I can replicate the whole thing on a local html file because the security settings for intranet pages are lower than regular Internet pages. But I'm not authorized to use the intranet for my applications.

How did Prezi do it! What could they have done to get it to work on their site? Prezi front-end developers have not responded to my Facebook, Twitter, e-mail or voicemail messages. Prezi software is obviously proprietary, but this is a web page on their site, not their software product.

My IT guys are not helpful either, telling me things I already know, like "medium-high" security settings block @font-face, duh (but obviously they don't, because Prezi did it). They certainly have bigger fish to fry. As a pacifier, they pushed Chrome and FF to my cubicle. Most of what they deal with is "my screen is black" or "what's my desktop" type questions.
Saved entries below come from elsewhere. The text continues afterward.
lemma constant_of_quadratic_increment_bound:
  fixes D :: "real \<Rightarrow> real"
  assumes ab: "a \<le> b"
    and bound: "\<And>x y. a \<le> x \<Longrightarrow> x \<le> y \<Longrightarrow> y \<le> b \<Longrightarrow> \<bar>D y - D x\<bar> \<le> C * (y - x)\<^sup>2"
  shows "D a = D b"
proof -
  have "(D has_field_derivative 0) (at x within {a..b})" if x: "x \<in> {a..b}" for x
    unfolding has_field_derivative_iff
  proof (rule Lim_null_comparison)
    have "\<bar>(D y - D x) / (y - x)\<bar> \<le> C * \<bar>y - x\<bar>" if y: "y \<in> {a..b}" "y \<noteq> x" for y
    proof -
      have "\<bar>D y - D x\<bar> \<le> C * (y - x)\<^sup>2"
        using bound[of x y] bound[of y x] x y by (cases "x \<le> y") (auto simp: abs_minus_commute power2_commute)
      moreover have "(y - x)\<^sup>2 = \<bar>y - x\<bar> * \<bar>y - x\<bar>" by (simp add: power2_eq_square)
      ultimately show ?thesis
        using y by (simp add: abs_divide divide_le_eq mult.assoc)
    qed
    then show "\<forall>\<^sub>F y in at x within {a..b}. norm ((D y - D x) / (y - x)) \<le> C * \<bar>y - x\<bar>"
      by (auto simp: eventually_at_filter)
    show "((\<lambda>y. C * \<bar>y - x\<bar>) \<longlongrightarrow> 0) (at x within {a..b})"
      by (intro tendsto_mult_right_zero tendsto_eq_intros) auto
  qed
  then obtain c where "\<forall>x\<in>{a..b}. D x = c"
    using has_field_derivative_zero_constant[of "{a..b}" D] by auto
  then show ?thesis using ab by auto
qed

lemma integral_tail_integrals:
  fixes h :: "real \<Rightarrow> real"
  assumes ab: "a \<le> b" and h_int: "h integrable_on {a..b}"
    and id_h_int: "(\<lambda>t. t * h t) integrable_on {a..b}"
    and h_bound: "\<And>t. t \<in> {a..b} \<Longrightarrow> \<bar>h t\<bar> \<le> M"
  shows "integral {a..b} (\<lambda>u. integral {u..b} h) = integral {a..b} (\<lambda>t. (t - a) * h t)"
proof -
  define G where "G u = integral {u..b} h" for u
  \<comment> \<open>Instead of Fubini, which is unavailable for Henstock-Kurzweil integrals: D has increments
    of order (y - x)^2, hence is constant, and D b = 0.\<close>
  define D where "D x = integral {x..b} (\<lambda>t. (t - x) * h t) - integral {x..b} G" for x
  have M_nonneg: "0 \<le> M" using ab h_bound[of a] by auto
  have h_sub: "h integrable_on {x..y}" if "a \<le> x" "y \<le> b" for x y
    using integrable_on_subinterval[OF h_int] that by auto
  have shifted_sub: "(\<lambda>t. (t - c) * h t) integrable_on {x..y}" if "a \<le> x" "y \<le> b" for c x y
    using integrable_diff[OF integrable_on_subinterval[OF id_h_int] integrable_cmul[OF h_sub]] that
    by (simp add: left_diff_distrib)
  have G_int: "G integrable_on {a..b}"
    unfolding G_def by (intro integrable_continuous_interval indefinite_integral_continuous_1' h_int)
  have G_sub: "G integrable_on {x..y}" if "a \<le> x" "y \<le> b" for x y
    using integrable_on_subinterval[OF G_int] that by auto
  have G_split: "G x = integral {x..y} h + G y" if "a \<le> x" "x \<le> y" "y \<le> b" for x y
    unfolding G_def using Henstock_Kurzweil_Integration.integral_combine[OF that(2) _ h_sub[of x b]] that by auto
  have increment: "D x - D y = integral {x..y} (\<lambda>t. (t - x) * h t) + integral {x..y} (\<lambda>t. G y - G t)"
    if xy: "a \<le> x" "x \<le> y" "y \<le> b" for x y
  proof -
    have "integral {x..b} (\<lambda>t. (t - x) * h t)
        = integral {x..y} (\<lambda>t. (t - x) * h t) + integral {y..b} (\<lambda>t. (t - x) * h t)"
      using Henstock_Kurzweil_Integration.integral_combine[OF xy(2) _ shifted_sub[of x b]] xy by auto
    also have "integral {y..b} (\<lambda>t. (t - x) * h t)
        = integral {y..b} (\<lambda>t. (t - y) * h t) + (y - x) * G y"
    proof -
      have "integral {y..b} (\<lambda>t. (t - x) * h t) = integral {y..b} (\<lambda>t. (t - y) * h t + (y - x) * h t)"
        by (rule integral_cong) (simp add: algebra_simps)
      then show ?thesis
        using integral_add[OF shifted_sub[of y b y] integrable_cmul[OF h_sub[of y b], of "y - x"]] xy
        by (simp add: G_def)
    qed
    moreover have "integral {x..b} G = integral {x..y} G + integral {y..b} G"
      using Henstock_Kurzweil_Integration.integral_combine[OF xy(2) _ G_sub[of x b]] xy by auto
    moreover have "integral {x..y} (\<lambda>t. G y - G t) = (y - x) * G y - integral {x..y} G"
      using integral_diff[OF integrable_const_ivl G_sub[of x y]] xy by (simp add: content_real)
    ultimately show ?thesis unfolding D_def by simp
  qed
  have "\<bar>D y - D x\<bar> \<le> 2 * M * (y - x)\<^sup>2" if xy: "a \<le> x" "x \<le> y" "y \<le> b" for x y
  proof -
    have "\<bar>integral {x..y} (\<lambda>t. (t - x) * h t)\<bar> \<le> M * (y - x) * (y - x)"
    proof (rule abs_integral_le_bound)
      fix t assume t: "t \<in> {x..y}"
      have "\<bar>(t - x) * h t\<bar> = (t - x) * \<bar>h t\<bar>" using t by (simp add: abs_mult)
      also have "\<dots> \<le> (y - x) * M" using t xy h_bound[of t] M_nonneg by (intro mult_mono) auto
      finally show "\<bar>(t - x) * h t\<bar> \<le> M * (y - x)" by (simp add: mult.commute)
    qed (use xy shifted_sub in auto)
    moreover have "\<bar>integral {x..y} (\<lambda>t. G y - G t)\<bar> \<le> M * (y - x) * (y - x)"
    proof (rule abs_integral_le_bound)
      fix t assume t: "t \<in> {x..y}"
      have "\<bar>G y - G t\<bar> \<le> M * (y - t)"
        using G_split[of t y] abs_integral_le_bound[OF _ h_sub[of t y], of M] h_bound t xy by auto
      also have "\<dots> \<le> M * (y - x)" using M_nonneg t by (intro mult_left_mono) auto
      finally show "\<bar>G y - G t\<bar> \<le> M * (y - x)" .
    qed (use xy G_sub in \<open>auto intro: integrable_diff\<close>)
    ultimately show ?thesis using increment[OF xy] by (simp add: power2_eq_square abs_minus_commute)
  qed
  then have "D a = D b" using constant_of_quadratic_increment_bound[OF ab] by blast
  then show ?thesis by (simp add: D_def G_def[abs_def])
qed
lemma shortest_rep_exp_sum_nonzero:
  assumes rep: "shortest_rep V E w' w" and x: "x \<in> fst ` set w'"
    and commute: "\<forall>l\<in>set w'. fst l \<noteq> x \<longrightarrow> (x, fst l) \<in> E"
  shows "exp_sum x w' \<noteq> 0"
proof
  assume zero: "exp_sum x w' = 0"
  let ?A = "filter (\<lambda>l. fst l \<noteq> x) w'" and ?B = "filter (\<lambda>l. fst l = x) w'"
  obtain l where "l \<in> set w'" "fst l = x" using x by auto
  then have shorter: "length ?A < length w'" by (intro length_filter_less) auto
  have "raag_eq E ?B []"
    using raag_eq_single_letter_power[of ?B x E] zero by (simp add: exp_sum_filter_letter)
  have "raag_eq E w' (?A @ ?B)" by (rule raag_eq_gather_letter[OF commute])
  also have "raag_eq E \<dots> ?A"
    using raag_eq_append_cong[OF \<open>raag_eq E ?B []\<close>, of ?A "[]"] by simp
  finally have "raag_eq E ?A w'" by (rule raag_eq.sym)
  moreover have "raag_eq E w' w" using rep by (simp add: shortest_rep_def)
  ultimately have "raag_eq E ?A w" by (rule raag_eq.trans)
  moreover have "?A \<in> words_on V" using rep by (auto simp: shortest_rep_def words_on_def)
  ultimately have "length w' \<le> length ?A" using rep by (simp add: shortest_rep_def)
  with shorter show False by simp
qed

definition clique :: "('a \<times> 'a) set \<Rightarrow> 'a set \<Rightarrow> bool" where
  "clique E S \<longleftrightarrow> (\<forall>p\<in>S. \<forall>q\<in>S. p \<noteq> q \<longrightarrow> (p, q) \<in> E)"

lemma cliqueD: "clique E S \<Longrightarrow> p \<in> S \<Longrightarrow> q \<in> S \<Longrightarrow> p \<noteq> q \<Longrightarrow> (p, q) \<in> E"
  unfolding clique_def by blast

lemma KK_iff_clique: "KK V W F f \<longleftrightarrow> (\<forall>v\<in>V. clique F (raag_supp W F (f v)))"
  unfolding KK_def clique_def ..

lemma clique_supp_rep_avoiding:
  assumes clique: "clique F (raag_supp W F g)" and x: "x \<in> raag_supp W F g"
    and "y \<noteq> x" "(x, y) \<notin> F"
  shows "\<exists>w'. raag_eq F w' g \<and> y \<notin> fst ` set w' \<and> exp_sum x w' \<noteq> 0"
proof -
  obtain w' where rep: "shortest_rep W F w' g" and "x \<in> fst ` set w'"
    using x unfolding raag_supp_iff by blast
  have supp: "p \<in> raag_supp W F g" if "p \<in> fst ` set w'" for p
    unfolding raag_supp_iff using rep that by blast
  have "\<forall>l\<in>set w'. fst l \<noteq> x \<longrightarrow> (x, fst l) \<in> F"
    using cliqueD[OF clique x] supp by auto
  then have "exp_sum x w' \<noteq> 0"
    by (rule shortest_rep_exp_sum_nonzero[OF rep \<open>x \<in> fst ` set w'\<close>])
  moreover have "y \<notin> fst ` set w'"
    using cliqueD[OF clique x] supp assms(3,4) by blast
  moreover have "raag_eq F w' g" using rep by (simp add: shortest_rep_def)
  ultimately show ?thesis by blast
qed

lemma raag_eq_prod_list_eq:
  fixes \<phi> :: "'a \<times> bool \<Rightarrow> 'm::monoid_mult"
  assumes "raag_eq E w w'"
    and inverse: "\<And>x b. \<phi> (x, b) * \<phi> (x, \<not> b) = 1"
    and commute: "\<And>x y b c. (x, y) \<in> E \<Longrightarrow> \<phi> (x, b) * \<phi> (y, c) = \<phi> (y, c) * \<phi> (x, b)"
  shows "prod_list (map \<phi> w) = prod_list (map \<phi> w')"
  using assms(1)
proof (induction rule: raag_eq.induct)
  case (cancel u x b w)
  have "\<phi> (x, b) * (\<phi> (x, \<not> b) * z) = z" for z
    using inverse by (simp add: mult.assoc[symmetric])
  then show ?case by simp
next
  case (commute x y u b c w)
  have "\<phi> (x, b) * \<phi> (y, c) = \<phi> (y, c) * \<phi> (x, b)" by (rule assms(3)[OF commute])
  then have "\<phi> (x, b) * (\<phi> (y, c) * z) = \<phi> (y, c) * (\<phi> (x, b) * z)" for z
    by (simp add: mult.assoc[symmetric])
  then show ?case by simp
qed simp_all

datatype mat2 = Mat2 int int int int

instantiation mat2 :: monoid_mult
begin

fun times_mat2 :: "mat2 \<Rightarrow> mat2 \<Rightarrow> mat2" where
  "Mat2 a b c d * Mat2 a' b' c' d' =
     Mat2 (a * a' + b * c') (a * b' + b * d') (c * a' + d * c') (c * b' + d * d')"

definition one_mat2 :: mat2 where
  "1 = Mat2 1 0 0 1"

instance
proof
  fix p q r :: mat2
  show "p * q * r = p * (q * r)"
    by (cases p; cases q; cases r) (simp add: algebra_simps)
  show "1 * p = p" by (cases p) (simp add: one_mat2_def)
  show "p * 1 = p" by (cases p) (simp add: one_mat2_def)
qed

end

definition pingpong :: "'a \<Rightarrow> 'a \<Rightarrow> 'a \<times> bool \<Rightarrow> mat2" where
  "pingpong x y l =
     (if fst l = x then Mat2 1 (letter_sign l) 0 1
      else if fst l = y then Mat2 1 0 (letter_sign l) 1 else 1)"

lemma raag_eq_pingpong:
  assumes "(x, y) \<notin> E" "(y, x) \<notin> E" "raag_eq E w w'"
  shows "prod_list (map (pingpong x y) w) = prod_list (map (pingpong x y) w')"
proof (rule raag_eq_prod_list_eq[OF assms(3)])
  show "pingpong x y (v, b) * pingpong x y (v, \<not> b) = 1" for v b
    by (simp add: pingpong_def letter_sign_def one_mat2_def)
  show "pingpong x y (u, b) * pingpong x y (v, c) = pingpong x y (v, c) * pingpong x y (u, b)"
    if "(u, v) \<in> E" for u v b c
    using that assms(1,2) by (auto simp: pingpong_def one_mat2_def)
qed

lemma pingpong_avoiding_snd:
  "y \<notin> fst ` set w \<Longrightarrow> prod_list (map (pingpong x y) w) = Mat2 1 (exp_sum x w) 0 1"
  by (induction w) (auto simp: pingpong_def one_mat2_def)

lemma pingpong_avoiding_fst:
  "x \<notin> fst ` set w \<Longrightarrow> prod_list (map (pingpong x y) w) = Mat2 1 0 (exp_sum y w) 1"
  by (induction w) (auto simp: pingpong_def one_mat2_def)
theorem mainTheorem5:
  fixes z zb w wb :: complex
  assumes hz: "Im z > 0" and hzb: "Im zb < 0"
    and hw: "w \<in> {1, -1}" and hwb: "wb \<in> {1, -1}"
  defines "q \<equiv> soliton_q z zb w wb"
    and "D \<equiv> soliton_den z zb w wb"
    and "V \<equiv> - 2 * Im (zb\<^sup>2 - z\<^sup>2) / Im (zb - z)"
  defines "\<beta> \<equiv> 2 * V * Im zb + 4 * Im (zb\<^sup>2)"
    and "\<gamma> \<equiv> - 2 * V * Re (zb - z) - 4 * Re (zb\<^sup>2 - z\<^sup>2)"
  shows
    "(\<forall>x t. D x t \<noteq> 0 \<longrightarrow>
        (\<lambda>s. q x s) differentiable (at t) \<and>
        (\<lambda>y. q y t) differentiable (at x) \<and>
        (\<lambda>y. vector_derivative (\<lambda>u. q u t) (at y)) differentiable (at x) \<and>
        \<i> * vector_derivative (\<lambda>s. q x s) (at t)
          + vector_derivative (\<lambda>y. vector_derivative (\<lambda>u. q u t) (at y)) (at x)
          + 2 * (q x t)\<^sup>2 * q (- x) (- t) = 0)
     \<and> (\<forall>t. cmod (q (V * t) t) =
          2 * cmod (zb - z) * exp (\<beta> * t) / cmod (1 + w * wb * exp (\<i> * of_real (\<gamma> * t))))
     \<and> \<gamma> = 4 * (cmod (z - zb))\<^sup>2 * Im (z + zb) / Im (zb - z)
     \<and> (Im (z + zb) \<noteq> 0 \<longrightarrow> \<gamma> \<noteq> 0 \<and>
          (\<exists>t0. {t. D (V * t) t = 0} = {t0 + of_int k * (2 * pi / \<bar>\<gamma>\<bar>) | k. True}))"
proof -
  have Im_ne: "Im (zb - z) \<noteq> 0" using hz hzb by simp
  have den_on_line: "D (V * t) t = 1 + w * wb * exp (\<i> * of_real (\<gamma> * t))" for t
    unfolding D_def V_def \<gamma>_def by (rule soliton_den_on_line[OF Im_ne])
  have \<gamma>_eq: "\<gamma> = 4 * (cmod (z - zb))\<^sup>2 * Im (z + zb) / Im (zb - z)"
    unfolding \<gamma>_def V_def by (rule soliton_phase_rate_eq[OF Im_ne])
  have singular: "\<gamma> \<noteq> 0 \<and> (\<exists>t0. {t. D (V * t) t = 0} = {t0 + of_int k * (2 * pi / \<bar>\<gamma>\<bar>) | k. True})"
    if "Im (z + zb) \<noteq> 0"
  proof
    have "z \<noteq> zb" using Im_ne by auto
    then show "\<gamma> \<noteq> 0" using that Im_ne by (simp add: \<gamma>_eq)
    moreover have "w * wb \<in> {1, -1}" using hw hwb by auto
    ultimately show "\<exists>t0. {t. D (V * t) t = 0} = {t0 + of_int k * (2 * pi / \<bar>\<gamma>\<bar>) | k. True}"
      unfolding den_on_line by (rule zeros_one_plus_sign_exp_periodic[rotated])
  qed
  show ?thesis
    using soliton_q_solves_reverse_space_time_nls[OF hw hwb]
      norm_soliton_q_on_line[OF Im_ne hwb, of w, folded V_def, folded \<beta>_def \<gamma>_def] \<gamma>_eq singular
    unfolding q_def D_def by blast
qed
Because my question is so specific to my environment, architecture and situation, this is really a shot in the dark. I really did spent more than 24 hours reverse engineering Prezi's home page to figure this out to no avail. It was a waste of time.

How could they possibly get around my network's security settings when no other website, not even http://www.google.com/fonts displays fonts on our machines?

Note: I apologize for the chattyness. It's been 1 a.m. and it's been 37 hours.

Answer 1

I think the basic problem is that IE won't let you download from another domain. To get around it you can host the font on your own server. Here's the basic setup:

1. Download your ttf font file (in google fonts you can download by adding the font to your collection and then clicking on the down arrow at the top right of the collection 'Use' sceen)
2. Nip on over to Font Squirrel and use their 'webfont generator' to create the various permutations needed

3. copy the @font-face code from the top of the handy example page that font squirrel creates and put it into your css file. It will look something like this:

   @font-face {
       font-family: 'PTSans';
       src: url('PTSans-regular-webfont.eot');
       src: url('PTSans-regular-webfont.eot?#iefix') format('embedded-opentype'),
            url('PTSans-regular-webfont.woff') format('woff'),
            url('PTSans-regular-webfont.ttf') format('truetype'),
            url('PTSans-regular-webfont.svg#PTSansregular') format('svg');
       font-weight: normal;
       font-style: normal;
   
   }

Upload the lot and you should be set to go.

Note: this will only work for the 'Medium-high' security setting (and lower). If you're stuck with 'High' you're stuck with the windows default fonts.